06-reference

ship30for30 how to avoid ai slop

2026-06-11·reference·source: Ship30for30·by Dickie Bush & Nicolas Cole
writing-craftai-writingvoicecontent-qualitysanity-check-voice-study

"how to avoid AI slop" — Dickie Bush & Nicolas Cole

Why this is in the vault

Concise diagnosis of why AI-generated content fails — and four writing fundamentals that make any AI-assisted work actually good — directly applicable to Sanity Check's voice standards.

⚠️ Sponsorship

Self-promotion for Ship 30 for 30's "Start Writing Online Sprint" ($99 with waitlist discount, closes June 12, 2026). The writing frameworks serve as the sprint's curriculum preview. The pitch is present but secondary to the substantive content.

The core argument

Most people think AI lets them skip learning to write. It doesn't — it amplifies the gap. The metaphor: AI is the first-chair violinist; you are the orchestra conductor. If you can't articulate what you want, the output is generic by construction. AI recombines what already exists; it cannot supply your specific take, your stories, or your point of view.

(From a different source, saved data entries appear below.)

(* Let $\mathbb D$ be a nonempty set of database instances over the same schema. (1) If $\mathbb D$ has bounded instance size, then $\mathcal D\in\mathsf{FO}(\mathsf{TI})$ for every probabilistic database $\mathcal D$ with $\mathrm{worlds}(\mathcal D)=\mathbb D$. (2) If $\mathbb D$ has unbounded instance size, then there exist probabilistic databases $\mathcal D_1\in\mathsf{FO}(\mathsf{TI})$ and $\mathcal D_2\notin\mathsf{FO}(\mathsf{TI})$ such that $\mathrm{worlds}(\mathcal D_1)=\mathrm{worlds}(\mathcal D_2)=\mathbb D$.
   Context: Fix a countably infinite universe $U$. A database schema is a finite nonempty set of relation symbols with arities; facts are $R(u_1,\dots,u_{\mathrm{ar}(R)})$ with $u_i\in U$; an instance is a finite set of facts ($|D|$ = number of facts); $\mathrm{adom}(D)$ is the set of elements of $U$ occurring in $D$. A probabilistic database (PDB) is a discrete probability space $(\mathbb D,P)$ with $\mathbb D$ a nonempty countable set of instances over a schema; $\mathrm{worlds}(\mathcal D)$ is the set of instances $D$ with $P(\{D\})>0$. A set of instances has bounded instance size if there is $c$ with $|D|\le c$ for all its members, and unbounded instance size otherwise. A PDB $\mathcal I$ is tuple-independent if for all pairwise distinct facts $f_1,\dots,f_k$, $\Pr_{I\sim\mathcal I}(f_1\in I,\dots,f_k\in I)=\prod_i\Pr_{I\sim\mathcal I}(f_i\in I)$. An FO-view consists of one first-order formula $\Phi_R(x_1,\dots,x_{\mathrm{ar}(R)})$ per output relation symbol $R$, evaluated under active domain semantics (quantifiers range over $\mathrm{adom}(D)$ and the formula's constants), mapping $D$ to the instance containing $R(\bar a)$ for all tuples $\bar a$ over $\mathrm{adom}(D)\cup\mathrm{adom}(\Phi_R)$ with $D\models\Phi_R[\bar a]$. The image of a PDB $(\mathbb D,P)$ under a view $V$ is the PDB on $V(\mathbb D)$ with $P'(\{D'\})=P(\{D:V(D)=D'\})$. $\mathsf{FO}(\mathsf{TI})$ is the class of images of tuple-independent PDBs under FO-views. *)

theory Defs
  imports "HOL-Probability.Probability"
begin

(* A relation symbol is identified by a name together with its arity. *)
type_synonym rel = "nat \<times> nat"

definition arity :: "rel \<Rightarrow> nat" where
  "arity R = snd R"

type_synonym 'u fact = "rel \<times> 'u list"

type_synonym 'u inst = "'u fact set"

definition schema :: "rel set \<Rightarrow> bool" where
  "schema S \<longleftrightarrow> finite S \<and> S \<noteq> {}"

definition instance_over :: "rel set \<Rightarrow> 'u inst \<Rightarrow> bool" where
  "instance_over S D \<longleftrightarrow> finite D \<and> (\<forall>(R, as) \<in> D. R \<in> S \<and> length as = arity R)"

definition adom :: "'u inst \<Rightarrow> 'u set" where
  "adom D = (\<Union>(R, as) \<in> D. set as)"

definition bounded_instance_size :: "'u inst set \<Rightarrow> bool" where
  "bounded_instance_size DD \<longleftrightarrow> (\<exists>c::nat. \<forall>D \<in> DD. card D \<le> c)"

definition pdb :: "rel set \<Rightarrow> 'u inst pmf \<Rightarrow> bool" where
  "pdb S P \<longleftrightarrow> schema S \<and> (\<forall>D \<in> set_pmf P. instance_over S D)"

definition worlds :: "'u inst pmf \<Rightarrow> 'u inst set" where
  "worlds P = set_pmf P"

definition tuple_independent :: "'u inst pmf \<Rightarrow> bool" where
  "tuple_independent P \<longleftrightarrow>
     (\<forall>F :: 'u fact set. finite F \<longrightarrow>
        measure_pmf.prob P {I. F \<subseteq> I} = (\<Prod>f\<in>F. measure_pmf.prob P {I. f \<in> I}))"

datatype 'u trm = Var nat | Const 'u

datatype 'u fo =
    FTrue | FFalse
  | Atom rel "'u trm list"
  | FEq "'u trm" "'u trm"
  | Neg "'u fo"
  | Conj "'u fo" "'u fo"
  | Disj "'u fo" "'u fo"
  | Impl "'u fo" "'u fo"
  | FEx nat "'u fo"
  | FAll nat "'u fo"

fun trm_consts :: "'u trm \<Rightarrow> 'u set" where
  "trm_consts (Var _) = {}"
| "trm_consts (Const c) = {c}"

fun trm_vars :: "'u trm \<Rightarrow> nat set" where
  "trm_vars (Var x) = {x}"
| "trm_vars (Const _) = {}"

fun fo_consts :: "'u fo \<Rightarrow> 'u set" where
  "fo_consts FTrue = {}"
| "fo_consts FFalse = {}"
| "fo_consts (Atom R ts) = (\<Union>t \<in> set ts. trm_consts t)"
| "fo_consts (FEq s t) = trm_consts s \<union> trm_consts t"
| "fo_consts (Neg \<phi>) = fo_consts \<phi>"
| "fo_consts (Conj \<phi> \<psi>) = fo_consts \<phi> \<union> fo_consts \<psi>"
| "fo_consts (Disj \<phi> \<psi>) = fo_consts \<phi> \<union> fo_consts \<psi>"
| "fo_consts (Impl \<phi> \<psi>) = fo_consts \<phi> \<union> fo_consts \<psi>"
| "fo_consts (FEx x \<phi>) = fo_consts \<phi>"
| "fo_consts (FAll x \<phi>) = fo_consts \<phi>"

Four fundamentals that separate readable writing from AI slop:

  1. Hook that stops the scroll. The first line is the entire game. Generic openers ("consistency is everything") are invisible. A specific, unexpected, or contrarian first line is what earns the second.

  2. Your voice. AI sounds like everyone. Your writing sounds like you — your word choices, your cadence, your references. Voice cannot be delegated; it can only be directed into the AI via clear instructions.

  3. Clear writing + original thinking. Strip the emoji bullets and what remains? Recycled platitudes with no point of view. AI remixes; it cannot originate your take. Clarity of thinking precedes clarity of writing, and both precede quality output.

  4. Formatting for the internet. Real formatting serves comprehension — clear headers, rhythm that pulls the eye down the page. Emoji checkmarks are decoration masquerading as structure.

The corollary the email makes explicit: "you can't automate what you can't articulate." Better writing skills make you a better AI director, not a redundant one.

Mapping against Ray Data Co

This maps directly onto two RDCO surfaces:

Sanity Check newsletter: The four fundamentals are the quality bar Sanity Check already holds itself to — distinctive hook, founder voice, original data-backed take, clean formatting. The "conductor" frame is a useful internal check: before publishing any issue, ask whether the draft carries a take only Ray can offer, or whether it reads like AI remixed a headline. The voice-profile at 01-projects/sanity-check/voice-profile-2026-05-08.md operationalizes exactly this.

AI COO content production: When Ray dispatches sub-agents to draft content (X threads, newsletter intros, briefing docs), the same test applies. The conductor test — "does this reflect a direction I actually gave?" — is a lightweight QA gate before anything leaves the agent pipeline. Slop is a symptom of under-specified direction, not a model quality problem.

The Ship30 framing also reinforces why RDCO's content quality bar ("no slop cannon") is a competitive moat as AI-generated noise floods every feed. Distinctiveness compounds.